(Stored data entries)

lemma compact_fst_level_set_bounded:
  fixes G :: "(complex^'n^'n) set"
  assumes "proper_fn euclidean (dual_top G) (\<lambda>z. restrict (mu z) (lie_alg G))"
  obtains Z where "compact Z" "\<And>z w. (z, w) \<in> level_set G \<alpha> \<Longrightarrow> norm w \<le> R \<Longrightarrow> z \<in> Z"
proof -
  obtain b where b: "\<And>(X :: complex^'n^'n) w. norm w \<le> R \<Longrightarrow> \<bar>mu_dual w X\<bar> \<le> b X"
    using mu_dual_bounded_on_cball[of R] by blast
  define box where "box = PiE (lie_alg G) (\<lambda>X. {\<alpha> X - b X .. \<alpha> X + b X})"
  have "compactin (dual_top G) box"
    unfolding dual_top_def box_def compactin_PiE by simp
  then have "compact {z. restrict (mu z) (lie_alg G) \<in> box}"
    using assms unfolding proper_fn_def by simp
  moreover have "restrict (mu z) (lie_alg G) \<in> box"
    if "(z, w) \<in> level_set G \<alpha>" "norm w \<le> R" for z w
  proof -
    have "mu z X = \<alpha> X + mu_dual w X" if "X \<in> lie_alg G" for X
      using \<open>(z, w) \<in> level_set G \<alpha>\<close> that unfolding level_set_def mu_R_def by auto
    then show ?thesis
      using b[OF \<open>norm w \<le> R\<close>] unfolding box_def by (force simp: abs_le_iff)
  qed
  ultimately show ?thesis
    using that by blast
qed

lemma proper_fn_level_set_half_norm_sq:
  fixes G :: "(complex^'n^'n) set"
  assumes "proper_fn euclidean (dual_top G) (\<lambda>z. restrict (mu z) (lie_alg G))"
  shows "proper_fn (top_of_set (level_set G \<alpha>)) euclideanreal (\<lambda>p. norm (snd p) ^ 2 / 2)"
  unfolding proper_fn_def
proof (intro allI impI)
  fix K assume "compactin euclideanreal K"
  then have K: "compact K"
    by simp
  then obtain R where R: "\<And>x. x \<in> K \<Longrightarrow> \<bar>x\<bar> \<le> R"
    using compact_imp_bounded bounded_real by metis
  define C where "C = {p \<in> level_set G \<alpha>. norm (snd p) ^ 2 / 2 \<in> K}"
  have w_bound: "norm (snd p) \<le> sqrt (2 * R)" if "p \<in> C" for p
    using R[of "norm (snd p) ^ 2 / 2"] that unfolding C_def by (auto intro: real_le_rsqrt)
  obtain Z where Z: "compact Z"
    "\<And>z w. (z, w) \<in> level_set G \<alpha> \<Longrightarrow> norm w \<le> sqrt (2 * R) \<Longrightarrow> z \<in> Z"
    using compact_fst_level_set_bounded[OF assms] by metis
  have "C \<subseteq> Z \<times> cball 0 (sqrt (2 * R))"
  proof
    fix p assume "p \<in> C"
    then show "p \<in> Z \<times> cball 0 (sqrt (2 * R))"
      using Z(2)[of "fst p" "snd p"] w_bound[of p] unfolding C_def by (auto simp: mem_Times_iff)
  qed
  moreover have "closed C"
  proof -
    have "closed ((\<lambda>p::(complex^'n) \<times> (complex^'n). norm (snd p) ^ 2 / 2) -` K)"
      by (rule continuous_closed_vimage[OF compact_imp_closed[OF K]]) (intro continuous_intros; simp)
    then show ?thesis
      unfolding C_def using closed_level_set[of G \<alpha>] by (simp add: Collect_conj_eq closed_Int vimage_def)
  qed
  ultimately have "compact C"
    using Z(1) compact_Int_closed[of "Z \<times> cball 0 (sqrt (2 * R))" C]
    by (simp add: compact_Times inf.absorb2)
  then show "compactin (top_of_set (level_set G \<alpha>))
      {p \<in> topspace (top_of_set (level_set G \<alpha>)). norm (snd p) ^ 2 / 2 \<in> K}"
    by (simp add: compactin_subtopology C_def)
qed

theorem mainTheorem2:
  fixes G :: "(complex^'n^'n) set" and \<alpha> :: "complex^'n^'n \<Rightarrow> real"
  assumes "compact_unitary_group G"
    and "central G \<alpha>"
    and "proper_fn euclidean (dual_top G) (\<lambda>z. restrict (mu z) (lie_alg G))"
  shows "proper_fn (hk_quotient_top G \<alpha>) euclideanreal Phi"
proof -
  interpret unitary_matrix_group G
    using assms(1) by unfold_locales
  let ?L = "top_of_set (level_set G \<alpha>)"
  have partition: "partition_map (topspace ?L) (orbit G)"
    using partition_map_orbit[OF assms(2)] by simp
  have "hk_quotient_top G \<alpha> = partition_quotient_topology ?L (orbit G)"
    unfolding hk_quotient_top_def partition_quotient_topology_def hk_quotient_def by simp
  moreover have "proper_fn (partition_quotient_topology ?L (orbit G)) euclideanreal Phi"
  proof (rule proper_fn_descend)
    show "continuous_map ?L (partition_quotient_topology ?L (orbit G)) (orbit G)"
      using partition by (rule continuous_map_partition_quotient)
    show "orbit G ` topspace ?L = topspace (partition_quotient_topology ?L (orbit G))"
      using partition by (simp add: topspace_partition_quotient_topology)
    show "Phi (orbit G p) = norm (snd p) ^ 2 / 2" for p
      by (rule Phi_orbit)
    show "proper_fn ?L euclideanreal (\<lambda>p. norm (snd p) ^ 2 / 2)"
      using assms(3) by (rule proper_fn_level_set_half_norm_sq)
  qed
  ultimately show ?thesis
    by simp
qed

end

TASK DETAILS: The entries shown above should be duplicated exactly.

YOUR SOLUTION:
lemma compact_fst_level_set_bounded:
  fixes G :: "(complex^'n^'n) set"
  assumes "proper_fn euclidean (dual_top G) (\<lambda>z. restrict (mu z) (lie_alg G))"
  obtains Z where "compact Z" "\<And>z w. (z, w) \<in> level_set G \<alpha> \<Longrightarrow> norm w \<le> R \<Longrightarrow> z \<in> Z"
proof -
  obtain b where b: "\<And>(X :: complex^'n^'n) w. norm w \<le> R \<Longrightarrow> \<bar>mu_dual w X\<bar> \<le> b X"
    using mu_dual_bounded_on_cball[of R] by blast
  define box where "box = PiE (lie_alg G) (\<lambda>X. {\<alpha> X - b X .. \<alpha> X + b X})"
  have "compactin (dual_top G) box"
    unfolding dual_top_def box_def compactin_PiE by simp
  then have "compact {z. restrict (mu z) (lie_alg G) \<in> box}"
    using assms unfolding proper_fn_def by simp
  moreover have "restrict (mu z) (lie_alg G) \<in> box"
    if "(z, w) \<in> level_set G \<alpha>" "norm w \<le> R" for z w
  proof -
    have "mu z X = \<alpha> X + mu_dual w X" if "X \<in> lie_alg G" for X
      using \<open>(z, w) \<in> level_set G \<alpha>\<close> that unfolding level_set_def mu_R_def by auto
    then show ?thesis
      using b[OF \<open>norm w \<le> R\<close>] unfolding box_def by (force simp: abs_le_iff)
  qed
  ultimately show ?thesis
    using that by blast
qed

lemma proper_fn_level_set_half_norm_sq:
  fixes G :: "(complex^'n^'n) set"
  assumes "proper_fn euclidean (dual_top G) (\<lambda>z. restrict (mu z) (lie_alg G))"
  shows "proper_fn (top_of_set (level_set G \<alpha>)) euclideanreal (\<lambda>p. norm (snd p) ^ 2 / 2)"
  unfolding proper_fn_def
proof (intro allI impI)
  fix K assume "compactin euclideanreal K"
  then have K: "compact K"
    by simp
  then obtain R where R: "\<And>x. x \<in> K \<Longrightarrow> \<bar>x\<bar> \<le> R"
    using compact_imp_bounded bounded_real by metis
  define C where "C = {p \<in> level_set G \<alpha>. norm (snd p) ^ 2 / 2 \<in> K}"
  have w_bound: "norm (snd p) \<le> sqrt (2 * R)" if "p \<in> C" for p
    using R[of "norm (snd p) ^ 2 / 2"] that unfolding C_def by (auto intro: real_le_rsqrt)
  obtain Z where Z: "compact Z"
    "\<And>z w. (z, w) \<in> level_set G \<alpha> \<Longrightarrow> norm w \<le> sqrt (2 * R) \<Longrightarrow> z \<in> Z"
    using compact_fst_level_set_bounded[OF assms] by metis
  have "C \<subseteq> Z \<times> cball 0 (sqrt (2 * R))"
  proof
    fix p assume "p \<in> C"
    then show "p \<in> Z \<times> cball 0 (sqrt (2 * R))"
      using Z(2)[of "fst p" "snd p"] w_bound[of p] unfolding C_def by (auto simp: mem_Times_iff)
  qed
  moreover have "closed C"
  proof -
    have "closed ((\<lambda>p::(complex^'n) \<times> (complex^'n). norm (snd p) ^ 2 / 2) -` K)"
      by (rule continuous_closed_vimage[OF compact_imp_closed[OF K]]) (intro continuous_intros; simp)
    then show ?thesis
      unfolding C_def using closed_level_set[of G \<alpha>] by (simp add: Collect_conj_eq closed_Int vimage_def)
  qed
  ultimately have "compact C"
    using Z(1) compact_Int_closed[of "Z \<times> cball 0 (sqrt (2 * R))" C]
    by (simp add: compact_Times inf.absorb2)
  then show "compactin (top_of_set (level_set G \<alpha>))
      {p \<in> topspace (top_of_set (level_set G \<alpha>)). norm (snd p) ^ 2 / 2 \<in> K}"
    by (simp add: compactin_subtopology C_def)
qed

theorem mainTheorem2:
  fixes G :: "(complex^'n^'n) set" and \<alpha> :: "complex^'n^'n \<Rightarrow> real"
  assumes "compact_unitary_group G"
    and "central G \<alpha>"
    and "proper_fn euclidean (dual_top G) (\<lambda>z. restrict (mu z) (lie_alg G))"
  shows "proper_fn (hk_quotient_top G \<alpha>) euclideanreal Phi"
proof -
  interpret unitary_matrix_group G
    using assms(1) by unfold_locales
  let ?L = "top_of_set (level_set G \<alpha>)"
  have partition: "partition_map (topspace ?L) (orbit G)"
    using partition_map_orbit[OF assms(2)] by simp
  have "hk_quotient_top G \<alpha> = partition_quotient_topology ?L (orbit G)"
    unfolding hk_quotient_top_def partition_quotient_topology_def hk_quotient_def by simp
  moreover have "proper_fn (partition_quotient_topology ?L (orbit G)) euclideanreal Phi"
  proof (rule proper_fn_descend)
    show "continuous_map ?L (partition_quotient_topology ?L (orbit G)) (orbit G)"
      using partition by (rule continuous_map_partition_quotient)
    show "orbit G ` topspace ?L = topspace (partition_quotient_topology ?L (orbit G))"
      using partition by (simp add: topspace_partition_quotient_topology)
    show "Phi (orbit G p) = norm (snd p) ^ 2 / 2" for p
      by (rule Phi_orbit)
    show "proper_fn ?L euclideanreal (\<lambda>p. norm (snd p) ^ 2 / 2)"
      using assms(3) by (rule proper_fn_level_set_half_norm_sq)
  qed
  ultimately show ?thesis
    by simp
qed

end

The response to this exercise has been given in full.